Records from a data collection:
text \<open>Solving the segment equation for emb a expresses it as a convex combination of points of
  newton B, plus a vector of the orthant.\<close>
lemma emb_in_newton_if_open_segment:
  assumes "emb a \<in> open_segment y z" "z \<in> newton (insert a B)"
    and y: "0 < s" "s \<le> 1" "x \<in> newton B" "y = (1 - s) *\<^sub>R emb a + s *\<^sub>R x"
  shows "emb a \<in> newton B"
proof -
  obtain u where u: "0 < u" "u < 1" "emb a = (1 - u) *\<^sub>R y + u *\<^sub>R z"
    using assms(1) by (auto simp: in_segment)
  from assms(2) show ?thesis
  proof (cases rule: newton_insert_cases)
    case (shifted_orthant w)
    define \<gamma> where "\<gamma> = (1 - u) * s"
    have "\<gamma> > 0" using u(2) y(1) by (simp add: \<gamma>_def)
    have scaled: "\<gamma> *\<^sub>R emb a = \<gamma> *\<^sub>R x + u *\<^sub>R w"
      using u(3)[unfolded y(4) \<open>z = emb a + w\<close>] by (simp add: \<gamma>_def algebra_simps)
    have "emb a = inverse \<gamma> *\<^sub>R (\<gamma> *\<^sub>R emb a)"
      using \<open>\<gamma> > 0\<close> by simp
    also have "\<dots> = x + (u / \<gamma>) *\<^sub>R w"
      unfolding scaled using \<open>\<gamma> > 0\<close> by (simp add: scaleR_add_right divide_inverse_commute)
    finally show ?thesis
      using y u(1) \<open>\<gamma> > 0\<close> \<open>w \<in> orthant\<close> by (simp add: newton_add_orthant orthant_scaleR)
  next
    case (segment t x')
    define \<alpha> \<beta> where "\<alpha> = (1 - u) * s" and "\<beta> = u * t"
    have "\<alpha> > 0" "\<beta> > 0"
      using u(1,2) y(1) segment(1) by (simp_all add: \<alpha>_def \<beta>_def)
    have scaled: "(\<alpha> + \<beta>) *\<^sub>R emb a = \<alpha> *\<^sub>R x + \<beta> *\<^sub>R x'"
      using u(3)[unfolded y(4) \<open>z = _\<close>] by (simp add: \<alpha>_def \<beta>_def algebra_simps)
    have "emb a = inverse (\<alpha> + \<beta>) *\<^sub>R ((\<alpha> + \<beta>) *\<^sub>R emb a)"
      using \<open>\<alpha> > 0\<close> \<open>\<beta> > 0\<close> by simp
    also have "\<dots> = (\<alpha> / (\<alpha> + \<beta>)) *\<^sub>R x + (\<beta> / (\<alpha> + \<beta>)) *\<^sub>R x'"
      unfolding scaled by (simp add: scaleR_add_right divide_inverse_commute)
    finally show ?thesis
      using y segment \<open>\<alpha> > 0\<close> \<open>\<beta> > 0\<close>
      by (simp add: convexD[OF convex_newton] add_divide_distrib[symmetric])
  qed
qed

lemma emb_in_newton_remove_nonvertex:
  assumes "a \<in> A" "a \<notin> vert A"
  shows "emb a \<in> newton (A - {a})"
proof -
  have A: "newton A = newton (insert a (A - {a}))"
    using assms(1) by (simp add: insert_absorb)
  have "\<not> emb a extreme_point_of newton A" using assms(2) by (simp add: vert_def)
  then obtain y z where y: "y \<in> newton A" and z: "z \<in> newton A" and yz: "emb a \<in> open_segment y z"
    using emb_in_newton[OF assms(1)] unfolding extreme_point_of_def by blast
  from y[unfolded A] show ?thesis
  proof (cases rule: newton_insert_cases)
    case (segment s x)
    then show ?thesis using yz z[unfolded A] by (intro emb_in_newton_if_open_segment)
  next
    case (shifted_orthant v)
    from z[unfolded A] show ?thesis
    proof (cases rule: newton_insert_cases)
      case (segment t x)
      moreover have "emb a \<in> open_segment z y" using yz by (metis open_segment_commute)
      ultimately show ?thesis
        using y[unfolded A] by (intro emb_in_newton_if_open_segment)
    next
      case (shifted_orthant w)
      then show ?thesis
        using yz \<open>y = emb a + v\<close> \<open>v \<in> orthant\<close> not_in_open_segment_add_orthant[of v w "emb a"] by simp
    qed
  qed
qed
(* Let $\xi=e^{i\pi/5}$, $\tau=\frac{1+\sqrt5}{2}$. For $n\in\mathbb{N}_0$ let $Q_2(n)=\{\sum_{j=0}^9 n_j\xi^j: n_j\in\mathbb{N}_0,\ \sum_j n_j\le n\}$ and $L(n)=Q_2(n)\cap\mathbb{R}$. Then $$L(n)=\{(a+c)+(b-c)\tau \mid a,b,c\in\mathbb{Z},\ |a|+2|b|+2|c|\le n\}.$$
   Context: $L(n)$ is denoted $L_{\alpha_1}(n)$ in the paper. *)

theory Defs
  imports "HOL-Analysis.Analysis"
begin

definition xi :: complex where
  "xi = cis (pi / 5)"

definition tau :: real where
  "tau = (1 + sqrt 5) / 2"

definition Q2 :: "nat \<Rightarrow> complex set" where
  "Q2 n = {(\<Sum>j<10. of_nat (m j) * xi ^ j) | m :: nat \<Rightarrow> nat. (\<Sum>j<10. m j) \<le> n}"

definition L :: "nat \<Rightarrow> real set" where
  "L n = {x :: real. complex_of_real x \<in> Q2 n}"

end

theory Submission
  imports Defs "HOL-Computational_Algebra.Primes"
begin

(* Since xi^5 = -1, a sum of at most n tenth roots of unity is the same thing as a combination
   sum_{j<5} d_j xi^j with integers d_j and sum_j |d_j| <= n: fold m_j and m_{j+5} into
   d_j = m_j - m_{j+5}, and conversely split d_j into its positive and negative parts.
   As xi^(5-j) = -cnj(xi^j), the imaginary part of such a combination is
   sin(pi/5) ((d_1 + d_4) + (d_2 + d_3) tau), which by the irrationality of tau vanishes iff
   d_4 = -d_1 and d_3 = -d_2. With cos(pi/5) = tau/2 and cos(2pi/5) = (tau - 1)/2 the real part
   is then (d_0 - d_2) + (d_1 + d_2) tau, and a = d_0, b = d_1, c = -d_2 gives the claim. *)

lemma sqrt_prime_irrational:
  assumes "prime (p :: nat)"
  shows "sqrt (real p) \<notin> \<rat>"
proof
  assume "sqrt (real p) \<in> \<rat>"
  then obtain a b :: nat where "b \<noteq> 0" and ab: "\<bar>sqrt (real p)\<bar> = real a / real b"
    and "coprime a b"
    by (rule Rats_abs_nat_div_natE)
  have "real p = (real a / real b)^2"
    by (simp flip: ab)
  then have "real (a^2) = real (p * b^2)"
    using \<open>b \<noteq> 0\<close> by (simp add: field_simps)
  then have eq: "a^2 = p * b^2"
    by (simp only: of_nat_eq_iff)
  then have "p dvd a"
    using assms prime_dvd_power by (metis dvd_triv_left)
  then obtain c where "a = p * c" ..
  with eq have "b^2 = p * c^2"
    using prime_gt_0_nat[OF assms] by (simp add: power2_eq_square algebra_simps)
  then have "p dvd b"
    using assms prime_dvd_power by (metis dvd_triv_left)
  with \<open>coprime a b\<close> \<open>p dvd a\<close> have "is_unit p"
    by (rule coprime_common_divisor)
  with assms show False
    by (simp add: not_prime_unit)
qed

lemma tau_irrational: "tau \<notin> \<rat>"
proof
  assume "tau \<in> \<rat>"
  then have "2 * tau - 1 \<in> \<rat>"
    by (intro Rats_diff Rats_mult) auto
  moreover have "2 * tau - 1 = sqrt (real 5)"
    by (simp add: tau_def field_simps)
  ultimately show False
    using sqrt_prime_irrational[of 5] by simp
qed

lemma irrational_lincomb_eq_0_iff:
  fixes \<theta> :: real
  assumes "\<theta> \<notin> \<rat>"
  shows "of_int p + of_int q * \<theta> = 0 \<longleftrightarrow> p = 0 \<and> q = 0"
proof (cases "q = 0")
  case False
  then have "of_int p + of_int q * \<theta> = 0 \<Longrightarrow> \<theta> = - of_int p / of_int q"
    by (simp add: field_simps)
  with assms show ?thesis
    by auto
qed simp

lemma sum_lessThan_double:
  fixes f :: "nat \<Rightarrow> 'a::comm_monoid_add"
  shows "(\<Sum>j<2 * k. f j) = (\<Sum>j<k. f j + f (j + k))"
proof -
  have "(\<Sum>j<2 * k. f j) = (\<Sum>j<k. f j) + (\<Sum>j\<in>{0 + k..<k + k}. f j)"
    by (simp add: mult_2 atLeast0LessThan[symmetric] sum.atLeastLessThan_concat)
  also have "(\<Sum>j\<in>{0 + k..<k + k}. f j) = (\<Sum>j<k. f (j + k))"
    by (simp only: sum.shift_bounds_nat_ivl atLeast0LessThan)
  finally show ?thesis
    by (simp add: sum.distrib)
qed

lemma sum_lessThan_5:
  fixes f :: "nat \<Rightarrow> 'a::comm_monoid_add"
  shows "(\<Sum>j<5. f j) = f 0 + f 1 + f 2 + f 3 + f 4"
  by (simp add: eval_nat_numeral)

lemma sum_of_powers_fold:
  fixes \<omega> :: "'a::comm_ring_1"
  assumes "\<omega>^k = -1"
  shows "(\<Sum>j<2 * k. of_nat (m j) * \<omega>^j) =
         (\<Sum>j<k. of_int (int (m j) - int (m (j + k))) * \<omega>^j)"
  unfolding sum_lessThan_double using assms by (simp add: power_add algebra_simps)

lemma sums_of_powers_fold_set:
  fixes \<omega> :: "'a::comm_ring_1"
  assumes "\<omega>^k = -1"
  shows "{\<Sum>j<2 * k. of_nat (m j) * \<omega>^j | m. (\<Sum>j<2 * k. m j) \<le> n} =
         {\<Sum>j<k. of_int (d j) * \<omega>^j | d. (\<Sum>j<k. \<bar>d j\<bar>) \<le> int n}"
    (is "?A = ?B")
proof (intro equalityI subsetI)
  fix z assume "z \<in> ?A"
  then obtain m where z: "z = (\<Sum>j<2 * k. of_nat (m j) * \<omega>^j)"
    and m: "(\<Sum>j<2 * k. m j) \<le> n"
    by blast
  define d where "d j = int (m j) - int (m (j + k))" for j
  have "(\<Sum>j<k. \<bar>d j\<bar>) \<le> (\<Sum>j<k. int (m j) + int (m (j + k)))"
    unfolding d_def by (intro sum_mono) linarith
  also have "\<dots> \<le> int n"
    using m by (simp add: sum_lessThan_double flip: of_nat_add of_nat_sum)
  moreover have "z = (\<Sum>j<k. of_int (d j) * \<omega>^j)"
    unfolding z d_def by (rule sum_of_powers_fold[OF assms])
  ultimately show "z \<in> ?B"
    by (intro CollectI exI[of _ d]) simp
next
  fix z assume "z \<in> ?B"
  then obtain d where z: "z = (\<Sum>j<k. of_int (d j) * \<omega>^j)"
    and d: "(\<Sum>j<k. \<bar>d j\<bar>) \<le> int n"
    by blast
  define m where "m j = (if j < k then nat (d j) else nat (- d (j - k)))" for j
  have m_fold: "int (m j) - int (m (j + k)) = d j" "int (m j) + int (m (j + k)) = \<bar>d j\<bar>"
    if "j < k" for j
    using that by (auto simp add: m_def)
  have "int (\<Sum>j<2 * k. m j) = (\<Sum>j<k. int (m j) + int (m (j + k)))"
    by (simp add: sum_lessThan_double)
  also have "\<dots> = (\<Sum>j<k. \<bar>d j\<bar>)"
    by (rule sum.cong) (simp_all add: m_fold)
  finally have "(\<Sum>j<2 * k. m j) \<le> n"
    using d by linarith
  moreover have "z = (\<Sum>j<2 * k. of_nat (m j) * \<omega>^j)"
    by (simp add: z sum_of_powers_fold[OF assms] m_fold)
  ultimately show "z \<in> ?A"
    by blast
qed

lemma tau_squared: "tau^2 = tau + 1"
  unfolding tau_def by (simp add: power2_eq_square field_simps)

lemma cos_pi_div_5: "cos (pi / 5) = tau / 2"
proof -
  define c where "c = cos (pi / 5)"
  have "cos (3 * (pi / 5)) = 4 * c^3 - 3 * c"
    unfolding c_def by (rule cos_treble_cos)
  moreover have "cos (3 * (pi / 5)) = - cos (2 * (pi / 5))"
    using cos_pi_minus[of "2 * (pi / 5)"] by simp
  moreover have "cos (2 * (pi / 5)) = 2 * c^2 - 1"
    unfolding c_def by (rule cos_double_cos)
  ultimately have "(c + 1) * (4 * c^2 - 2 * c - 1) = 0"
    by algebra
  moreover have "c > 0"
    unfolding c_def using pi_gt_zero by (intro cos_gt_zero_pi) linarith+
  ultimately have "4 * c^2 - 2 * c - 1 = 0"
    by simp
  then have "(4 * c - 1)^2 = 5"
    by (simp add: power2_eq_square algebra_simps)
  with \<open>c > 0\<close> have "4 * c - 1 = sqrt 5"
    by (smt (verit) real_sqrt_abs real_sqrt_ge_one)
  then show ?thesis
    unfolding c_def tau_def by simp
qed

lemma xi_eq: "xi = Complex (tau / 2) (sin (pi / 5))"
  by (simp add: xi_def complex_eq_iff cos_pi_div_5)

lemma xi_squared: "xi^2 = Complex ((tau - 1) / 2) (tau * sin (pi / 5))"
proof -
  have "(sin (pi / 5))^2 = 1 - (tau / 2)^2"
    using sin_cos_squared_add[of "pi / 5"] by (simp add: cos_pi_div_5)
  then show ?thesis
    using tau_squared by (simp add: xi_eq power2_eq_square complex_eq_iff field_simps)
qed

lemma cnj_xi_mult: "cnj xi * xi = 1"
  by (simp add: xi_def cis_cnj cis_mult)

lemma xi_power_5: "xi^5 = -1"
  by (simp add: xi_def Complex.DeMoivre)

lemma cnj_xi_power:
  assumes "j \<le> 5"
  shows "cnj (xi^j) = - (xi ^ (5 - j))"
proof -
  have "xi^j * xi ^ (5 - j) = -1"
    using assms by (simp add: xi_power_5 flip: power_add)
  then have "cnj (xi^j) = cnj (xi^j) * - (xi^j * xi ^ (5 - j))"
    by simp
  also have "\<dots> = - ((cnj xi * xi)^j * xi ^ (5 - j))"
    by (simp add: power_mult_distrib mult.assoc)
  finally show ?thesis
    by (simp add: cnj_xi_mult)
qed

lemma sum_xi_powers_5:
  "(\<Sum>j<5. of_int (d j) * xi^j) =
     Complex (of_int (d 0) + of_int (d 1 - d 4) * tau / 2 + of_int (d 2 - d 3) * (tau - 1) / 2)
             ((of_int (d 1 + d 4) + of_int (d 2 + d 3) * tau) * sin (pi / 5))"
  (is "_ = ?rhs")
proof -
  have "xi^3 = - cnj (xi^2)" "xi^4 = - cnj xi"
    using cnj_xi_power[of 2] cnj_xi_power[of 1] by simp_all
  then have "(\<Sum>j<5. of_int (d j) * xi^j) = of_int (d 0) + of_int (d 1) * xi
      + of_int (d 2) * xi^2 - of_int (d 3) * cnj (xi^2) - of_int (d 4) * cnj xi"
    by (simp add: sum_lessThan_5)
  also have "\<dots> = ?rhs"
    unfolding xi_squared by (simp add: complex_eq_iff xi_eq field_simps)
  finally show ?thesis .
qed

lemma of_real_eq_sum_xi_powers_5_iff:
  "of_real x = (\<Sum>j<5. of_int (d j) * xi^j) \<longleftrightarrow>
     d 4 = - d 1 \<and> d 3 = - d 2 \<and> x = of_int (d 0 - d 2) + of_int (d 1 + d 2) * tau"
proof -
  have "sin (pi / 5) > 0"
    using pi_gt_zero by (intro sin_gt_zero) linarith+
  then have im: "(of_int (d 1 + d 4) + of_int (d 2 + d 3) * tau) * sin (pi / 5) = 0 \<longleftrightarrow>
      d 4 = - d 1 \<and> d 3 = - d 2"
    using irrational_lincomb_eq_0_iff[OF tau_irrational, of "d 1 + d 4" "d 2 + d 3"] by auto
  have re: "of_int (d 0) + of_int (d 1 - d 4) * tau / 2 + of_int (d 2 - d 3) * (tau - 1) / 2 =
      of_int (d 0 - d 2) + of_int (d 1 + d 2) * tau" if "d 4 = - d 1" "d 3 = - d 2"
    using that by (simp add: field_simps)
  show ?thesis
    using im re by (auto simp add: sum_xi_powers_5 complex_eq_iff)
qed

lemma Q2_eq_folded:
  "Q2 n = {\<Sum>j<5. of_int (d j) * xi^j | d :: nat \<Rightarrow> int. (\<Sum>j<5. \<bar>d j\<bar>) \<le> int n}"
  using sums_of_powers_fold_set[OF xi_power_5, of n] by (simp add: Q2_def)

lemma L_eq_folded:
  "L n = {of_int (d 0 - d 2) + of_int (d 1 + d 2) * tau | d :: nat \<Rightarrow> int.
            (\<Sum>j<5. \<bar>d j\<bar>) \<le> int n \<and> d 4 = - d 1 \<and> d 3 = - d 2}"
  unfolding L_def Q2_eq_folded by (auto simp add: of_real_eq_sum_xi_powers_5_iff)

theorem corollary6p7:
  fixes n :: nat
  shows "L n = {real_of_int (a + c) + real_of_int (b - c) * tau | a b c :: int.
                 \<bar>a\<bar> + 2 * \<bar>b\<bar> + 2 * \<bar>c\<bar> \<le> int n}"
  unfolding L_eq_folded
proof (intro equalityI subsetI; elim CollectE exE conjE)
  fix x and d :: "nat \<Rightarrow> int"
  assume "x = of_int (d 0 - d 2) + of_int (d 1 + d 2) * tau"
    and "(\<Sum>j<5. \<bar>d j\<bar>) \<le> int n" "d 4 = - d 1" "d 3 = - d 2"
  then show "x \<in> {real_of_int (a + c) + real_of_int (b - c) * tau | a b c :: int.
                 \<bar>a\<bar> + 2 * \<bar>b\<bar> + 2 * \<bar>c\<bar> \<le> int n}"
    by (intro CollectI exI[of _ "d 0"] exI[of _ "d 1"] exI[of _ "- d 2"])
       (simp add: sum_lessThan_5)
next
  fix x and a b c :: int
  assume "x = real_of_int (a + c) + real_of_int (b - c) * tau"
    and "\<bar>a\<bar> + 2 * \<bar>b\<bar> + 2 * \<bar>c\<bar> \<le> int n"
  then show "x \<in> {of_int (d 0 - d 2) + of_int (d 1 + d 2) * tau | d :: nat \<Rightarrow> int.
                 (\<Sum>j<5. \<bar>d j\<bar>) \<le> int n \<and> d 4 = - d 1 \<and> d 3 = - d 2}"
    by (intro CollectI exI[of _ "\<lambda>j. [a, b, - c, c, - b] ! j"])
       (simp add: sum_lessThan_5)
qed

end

| TASK DESCRIPTION |
Respond with nothing but the number of lines in the entries that contain the string "theta".

| RESULT FOR THIS EXERCISE |
4